From what I've read, this is true about throttling, but it remains that Bell Sympatico can cut off customers--including customers of Teksavvy--for massive bandwidth/downloading usage.

Solution for Bandwidth/Unlimited... and better Premium too! - dslreports.com

So for those who wish to avoid Bell throttling, but don't download a ton, Teksavvy seems to be the wisest choice at the moment.


----------



## yeeeha

bgw, I am aware of the terrible accounting of Bell. I have been lucky so far not having any problem with the accounting of my Bell phone service and Sympatico. But thanks for reminding me again.

With the one-yr. discounted plan that Bell offers, if I commit to it I am stuck for the entire year. Should the service quality drops, there would be a penalty for me to bail out of the contract. This is why I have never got into a fixed period contract with any ISP.

I have talked to TekSavvy about switching. They told me exactly what to do with Bell before making the switch. I also asked TekSavvy about the download speed. While it is possible that I might get a slightly better speed withTekSavvy, I think my limitation is the distance of my place to the serving central office and the physical condition of the copper pair. My line isn't exactly in the best of shape. Several years ago a Bell tech had to splice a new section to the line to fix a signal leakage that caused a very noisy line whenever the ground got very wet.

In this and other threads, many of us have expressed our dissatisfaction with the "big player" Bell and cablecos. When is Hydro going to get into this business? They have infrastructure reaching places where Bell doesn't even get to. And I am fairly sure that a few years ago Hydro had done some experimentation on sending data through a power line. But we have heard nothing on where the Hydro is with that area of research and experimentation.


----------



## ApplePie

HowEver said:


> From what I've read, this is true about throttling, but it remains that Bell Sympatico can cut off customers--including customers of Teksavvy--for massive bandwidth/downloading usage.
> 
> Solution for Bandwidth/Unlimited... and better Premium too! - dslreports.com
> 
> So for those who wish to avoid Bell throttling, but don't download a ton, Teksavvy seems to be the wisest choice at the moment.

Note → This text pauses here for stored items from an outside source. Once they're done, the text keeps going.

text \<open>After N Graeffe steps the roots of f become the powers \<zeta>_l^(2^N), so by Vieta the t-th
  coefficient of G^N f is lc^(2^N) times a sum, over the t-subsets S of {1..d}, of the products
  of the root powers outside S. If t lies in a block [i, k] between successive elements of I,
  then |\<zeta>_l| \<le> |\<zeta>_k| / \<rho> for l \<le> i and |\<zeta>_l| \<ge> \<rho> |\<zeta>_k| for l > k, so every subset except the
  at most 2^(k - i) that contain {1..i} and avoid {k+1..d} loses a factor R = \<rho>^(2^N) against
  the product of the d - t largest root powers; at t \<in> I the dominant subset {1..t} is unique.
  Hence r_t is, up to an error of order 2^(-N), the piecewise linear function
  -log|lc| - \<Sum>_{l>t} log|\<zeta>_l|, whose slope on a block is the common log-modulus of its roots
  and increases by at least log \<rho> at each element of I. Hypothesis (b) makes the error small
  compared with E and log \<rho>, so the slopes S(a, b) inherit this convexity.\<close>

section \<open>Graeffe iterates of a product of linear factors\<close>

lemma coeff_prod_linear_factors:
  fixes w :: "nat \<Rightarrow> 'a::comm_ring_1"
  assumes "finite A"
  shows "coeff (\<Prod>l\<in>A. [:- w l, 1:]) j = (\<Sum>S\<in>{S\<in>Pow A. card S = j}. \<Prod>l\<in>A - S. - w l)"
proof -
  have "(\<Prod>l\<in>A. [:- w l, 1:]) = (\<Prod>l\<in>A. monom 1 1 + [:- w l:])"
    by (simp add: monom_altdef)
  also have "\<dots> = (\<Sum>S\<in>Pow A. (\<Prod>l\<in>S. monom 1 1) * (\<Prod>l\<in>A - S. [:- w l:]))"
    by (rule prod_add[OF assms])
  also have "\<dots> = (\<Sum>S\<in>Pow A. monom (\<Prod>l\<in>A - S. - w l) (card S))"
    by (intro sum.cong refl) (simp add: prod_to_poly monom_power smult_monom)
  finally have "coeff (\<Prod>l\<in>A. [:- w l, 1:]) j = (\<Sum>S\<in>Pow A. if card S = j then \<Prod>l\<in>A - S. - w l else 0)"
    by (simp add: coeff_sum)
  also have "\<dots> = (\<Sum>S\<in>{S\<in>Pow A. card S = j}. \<Prod>l\<in>A - S. - w l)"
    by (simp add: sum.inter_filter[symmetric] assms)
  finally show ?thesis .
qed
lemma path_integral_cmult:
  assumes "sets \<mu> = sets borel" and "g \<in> borel_measurable borel" and "\<gamma> \<in> Gamma_mu \<mu>"
  shows "path_integral \<mu> (\<lambda>x. c * g x) \<gamma> = c * path_integral \<mu> g \<gamma>"
proof -
  have [measurable]: "path_Im \<gamma> \<in> sets \<mu>"
    using compact_path_Im_Gamma_mu[OF assms(3)] assms(1) by (simp add: borel_closed compact_imp_closed)
  have [measurable]: "g \<in> borel_measurable \<mu>"
    using assms(2) measurable_cong_sets[OF assms(1) refl] by blast
  have "(\<lambda>x. g x * indicator (path_Im \<gamma>) x) \<in> borel_measurable \<mu>"
    by measurable
  then show ?thesis
    unfolding path_integral_def by (subst nn_integral_cmult[symmetric]) (auto simp: mult.assoc)
qed

lemma p_modulus_less_imp_admissible:
  assumes "p_modulus \<mu> m p \<Gamma> < c"
  obtains g where "g \<in> borel_measurable borel" and "\<And>\<gamma>. \<gamma> \<in> \<Gamma> \<Longrightarrow> 1 \<le> path_integral \<mu> g \<gamma>"
    and "(\<integral>\<^sup>+ x. epow p (g x) \<partial>m) < c"
  using assms unfolding p_modulus_def by (auto simp: INF_less_iff)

Lots of Teksavvy customers download MORE than a ton and have not been cut off by Bell - I'm sure Bell would love to cut them off but it ain't going to happen.


----------



## John Clay

HowEver said:


> From what I've read, this is true about throttling, but it remains that Bell Sympatico can cut off customers--including customers of Teksavvy--for massive bandwidth/downloading usage.
> 
> Solution for Bandwidth/Unlimited... and better Premium too! - dslreports.com
> 
> So for those who wish to avoid Bell throttling, but don't download a ton, Teksavvy seems to be the wisest choice at the moment.


This is partly correct; Sympatico can remove customers of Sympatico from the "Has DSL available" program, which they must be in in order to obtain third-party DSL service. Once you've switched, Sympatico has NO say in your connection, as it uses no Sympatico equipment, only Bell. And Bell has no jurisdiction to throttle or boot a user; they are providing the pathway equipment only, not paying for bandwidth.

Many TekSavvy users use more than 500GB of bandwidth, and I think a few use around 1TB.


----------



## Mississauga

RunTheWorldOnMac said:


> Mississauga...I assume we know where you live and thus use Cogeco. 80) Did you ever experience lack connection consistency?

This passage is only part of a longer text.